Jean-Michel Ferragatti n'est pas seulement un passionné de comics, on peut aussi le ranger dans la catégorie des érudits, ceux qui connaissent parfaitement la matière dont ils parlent, principalement lorsqu'il s'agit d'aller creuser du côté des héros oubliés de l'âge d'or de ces personnages en collants. Déjà auteur d'une excellente Histoire des comics et de l'indispensable rubrique French Collection (ancêtre de l'ouvrage précédemment cité) dans le défunt mensuel Comic Box, il est aussi le scénariste impliqué sur le projet dénommé Centaur Chronicles. Le volume 2 est en ce moment au stade du financement, sur le site participatif Ulule.
Si nous avions manqué la sortie du premier numéro, nous avons refait depuis notre retard, et c'est une bien bonne surprise. Centaur Chronicles récupère les héros de la maison d'édition du même nom (Centaur) qui sont tombés dans l'oubli le plus complet, au point d'être libre de droit aujourd'hui. Car oui, les héros disparaissent, quand les lecteurs cessent d'y croire, ou que l'éditeur lâche l'affaire. Mais à supposer que leurs existences respectives se prolongent au delà des pages imprimées (ou plus imprimées donc), que deviennent ces types costumés, et pourquoi ont-ils racroché la cape ou le masque? Le début possède un arrière goût de Watchmen, avec un drame qui survient dans un building. Pas de héros qui en tombe, mais une explosion, et une victime illustre, The Magician from Mars (on notera l'inventivité d'alors...). Cet événement pousse les super-héros de Centaur, à la retraite pour des raisons qui restent à dévoiler, à s'unir à nouveau pour faire face à ce qu'ils pressentent être une menace commune. Ceci sur l'instigation de The Eye, un globe oculaire flottant, qui s'en va demander de l'aide au Green Mist, capable de se dissoudre en une jolie brume verdâtre. Welcome to the golden age! Avec cerise sur le gâteau, l'apparition (c'est l'époque qui le veut, car Centaur Chronicles se veut aussi une retranscription subtilement différente de faits qui sont advenus dans la réalité) du docteur Warthem (echangez les voyelles...) qui présentent devant le sénat les méfaits des comics sur la jeunesse.
L'écriture n'est pas si abordable que cela.
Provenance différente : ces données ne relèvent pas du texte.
lemma cluster_preserving_inj_act:
  assumes g: "cluster_preserving_inj tw g" and inj: "inj (tw (fst s))"
  shows "cluster_preserving_inj tw (act tw s g)"
proof -
  let ?h = "tw (fst s) ^^ (4 - snd s)"
  have act: "act tw s g c = g (?h c)" for c
    by (simp add: act_def binv_def)
  have "inj ?h"
    using inj by (rule inj_fn)
  moreover have "v \<in> cluster tw c" if "g (?h c) = Some v" for c v
    using g that funpow_in_cluster cluster_trans unfolding cluster_preserving_inj_def by metis
  ultimately show ?thesis
    using g unfolding cluster_preserving_inj_def act by (metis injD)
qed

lemma cluster_preserving_inj_run:
  fixes \<sigma> :: "'o::wellorder \<Rightarrow> 'q \<times> nat"
  assumes inj: "\<And>t. inj (tw t)"
  shows "cluster_preserving_inj tw (run tw \<sigma> Some \<eta>)"
proof (induction \<eta> rule: less_induct)
  case (less \<eta>)
  let ?f = "run tw \<sigma> Some"
  consider (initial) "\<not> (\<exists>\<xi>. \<xi> < \<eta>)"
    | (successor) \<xi> where "\<xi> < \<eta>" "\<forall>\<zeta><\<eta>. \<zeta> \<le> \<xi>"
    | (limit) \<xi>\<^sub>0 where "\<xi>\<^sub>0 < \<eta>" "\<forall>\<xi><\<eta>. \<exists>\<zeta><\<eta>. \<xi> < \<zeta>"
    by (metis not_le)
  then show ?case
  proof cases
    case initial
    then show ?thesis
      by (simp add: run_initial cluster_preserving_inj_Some)
  next
    case successor
    then show ?thesis
      by (simp add: run_successor cluster_preserving_inj_act inj less.IH)
  next
    case limit
    note eventually_Some = run_limit_Some[OF limit]
    have "v \<in> cluster tw c" if "?f \<eta> c = Some v" for c v
      using eventually_Some[OF that] less.IH unfolding cluster_preserving_inj_def by blast
    moreover have "c = d" if limit_values: "?f \<eta> c = Some v" "?f \<eta> d = Some v" for c d v
    proof -
      obtain \<xi>\<^sub>c where
        "\<xi>\<^sub>c < \<eta>" "\<forall>\<zeta>. \<xi>\<^sub>c \<le> \<zeta> \<and> \<zeta> < \<eta> \<longrightarrow> ?f \<zeta> c = Some v"
        using eventually_Some[OF limit_values(1)] by blast
      moreover obtain \<xi>\<^sub>d where
        "\<xi>\<^sub>d < \<eta>" "\<forall>\<zeta>. \<xi>\<^sub>d \<le> \<zeta> \<and> \<zeta> < \<eta> \<longrightarrow> ?f \<zeta> d = Some v"
        using eventually_Some[OF limit_values(2)] by blast
      ultimately have "?f (max \<xi>\<^sub>c \<xi>\<^sub>d) c = Some v" "?f (max \<xi>\<^sub>c \<xi>\<^sub>d) d = Some v"
        "max \<xi>\<^sub>c \<xi>\<^sub>d < \<eta>"
        by auto
      with less.IH show "c = d"
        unfolding cluster_preserving_inj_def by blast
    qed
    ultimately show ?thesis
      unfolding cluster_preserving_inj_def by blast
  qed
qed

lemma image_cluster_eq_if_inj_on:
  assumes "inj_on f Q" and into: "\<And>c. c \<in> Q \<Longrightarrow> f c \<in> cluster tw c"
    and within: "cluster tw c \<subseteq> Q" and "finite (cluster tw c)"
  shows "f ` cluster tw c = cluster tw c"
proof (rule endo_inj_surj)
  show "f ` cluster tw c \<subseteq> cluster tw c"
  proof (rule image_subsetI)
    fix d assume "d \<in> cluster tw c"
    with into within have "f d \<in> cluster tw d" by blast
    then show "f d \<in> cluster tw c"
      using \<open>d \<in> cluster tw c\<close> by (rule cluster_trans)
  qed
  show "inj_on f (cluster tw c)"
    using \<open>inj_on f Q\<close> within by (rule inj_on_subset)
qed fact
(* Let $X$ have a pdf $f$ satisfying Conditions (A) and (B) below, and let $D>0$. Let $H^*(D)=\inf\{H[Q(X)]: D(Q)\le D\}$ and $A^*(D)=\inf\{\mathrm{AoI}(S_{\mathrm z},Q,F^* ): D(Q)\le D\}$, both infima taken over quantizers. Then $$\tfrac32 H^*(D)\le A^*(D),$$ and, for any $\delta>0$ with $D(Q_{\mathrm{uni}}^\delta)\le D$, $$A^*(D)\le \mathrm{AoI}(S_{\mathrm z},Q_{\mathrm{uni}}^\delta,F_{\mathrm s}).$$
   Context: Let $X$ be a real random variable with pdf $f$. Condition (A): $f$ is continuous and differentiable, and its support is a bounded interval $I$. Condition (B): $\int_I f\log_2^2 f\,dx$ and $-\int_I f\log_2 f\,dx$ exist and are finite. Quantizers. A quantizer $Q$ partitions $I$ into intervals $[a_{i-1},a_i]$ with representation points $c_i$. Write $p_i=P(X\in[a_{i-1},a_i])$. The output entropy is $H[Q(X)]=-\sum_ip_i\log_2p_i$, and the distortion is $D(Q)=\sum_i\int_{a_{i-1}}^{a_i}(x-c_i)^2f(x)\,dx$. The uniform quantizer $Q_{\mathrm{uni}}^\delta$ partitions $I$ into consecutive cells of length $\delta$, with midpoint representation points. Codes. A real-valued code assigns lengths $l_i\in\mathbb R^+$ to the cells, subject to $\sum_i2^{-l_i}\le1$. The random codeword length is $L=l_i$ when $X$ is in cell $i$. Objective. Under zero-wait sampling, $\mathrm{AoI}(S_{\mathrm z},Q,l)=\frac{E[L^2]}{2E[L]}+E[L]$, and $\mathrm{AoI}(S_{\mathrm z},Q,F^* )=\inf_l\mathrm{AoI}(S_{\mathrm z},Q,l)$, the infimum over real-valued codes. $F_{\mathrm s}$ denotes the real-valued Shannon code $l_i=-\log_2p_i$. *)

theory Defs
  imports "HOL-Analysis.Analysis"
begin

text \<open>A quantizer of the support interval [alpha, beta] with n cells is given by
  breakpoints a 0 = alpha < a 1 < ... < a n = beta; cell i (for i < n) is
  [a i, a (i+1)] with representation point c i.\<close>

definition is_quantizer :: "real \<Rightarrow> real \<Rightarrow> nat \<Rightarrow> (nat \<Rightarrow> real) \<Rightarrow> bool" where
  "is_quantizer alpha beta n a \<longleftrightarrow>
     n \<ge> 1 \<and> a 0 = alpha \<and> a n = beta \<and> (\<forall>i<n. a i < a (Suc i))"

definition cell_prob :: "(real \<Rightarrow> real) \<Rightarrow> (nat \<Rightarrow> real) \<Rightarrow> nat \<Rightarrow> real" where
  "cell_prob f a i = integral {a i..a (Suc i)} f"

definition out_entropy :: "(real \<Rightarrow> real) \<Rightarrow> nat \<Rightarrow> (nat \<Rightarrow> real) \<Rightarrow> real" where
  "out_entropy f n a = - (\<Sum>i<n. cell_prob f a i * log 2 (cell_prob f a i))"

definition distortion :: "(real \<Rightarrow> real) \<Rightarrow> nat \<Rightarrow> (nat \<Rightarrow> real) \<Rightarrow> (nat \<Rightarrow> real) \<Rightarrow> real" where
  "distortion f n a c = (\<Sum>i<n. integral {a i..a (Suc i)} (\<lambda>x. (x - c i)^2 * f x))"

definition EL :: "(real \<Rightarrow> real) \<Rightarrow> nat \<Rightarrow> (nat \<Rightarrow> real) \<Rightarrow> (nat \<Rightarrow> real) \<Rightarrow> real" where
  "EL f n a l = (\<Sum>i<n. cell_prob f a i * l i)"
L'ensemble se présente de manière fragmentée et décomposée, et exige une application réelle du lecteur : nous passons ainsi de la trame principale, à des épisodes anciens des années 40 (réalisés par Bill Everett, Paul Gustavson, Martin Filchock et Al Plastino) où les origines des personnages sont explicitées, et ce jeu de piste et ces renvois continuels entre différentes époques instaure presque un rapport métatextuel entre le lecteur et la matière qu'il découvre. Il va de soi qu'il s'agit d'un travail remarquable et qu'à remplir les blancs Ferragatti s'est bien amusé; c'est une tapisserie abandonnée et poussiéreuse qui est remise au goût du jour, et qu'on reprend à filer. Au dessin Marti (Patrice Martinez, déjà apprécié sur Hoplitéa) parvient à livrer sa vision personnelle des héros pré-existants, avec une ligne claire et épurée, qui apporte lisibilité et une subtile sensation rétro à des planches qu'on se pique au jeu de comparer avec les créations des années 40. Allez voir le Mighty Man & Super-Ann de Martin Filchock, vous allez comprendre que c'est par moments d'une naïveté flagrante. La couleur de Reed Man (Jean-Claude Perrin) est toute aussi pertinente, et cela est d'autant plus louable qu'il a dû refaire la colorisation des planches les plus anciennes pour les rendre présentables. Là encore quand la passion vous tient, il est possible d'aller plus loin que la simple tâche machinale et besogneuse. Si vous aimez donc les vieux comics et souhaitez lire quelque chose qui sort des sentiers battus, et se révèle d'une grande intelligence sur la longueur, je vous invite à aller faire un tour sur le site participatif Ulule. Excellente surprise.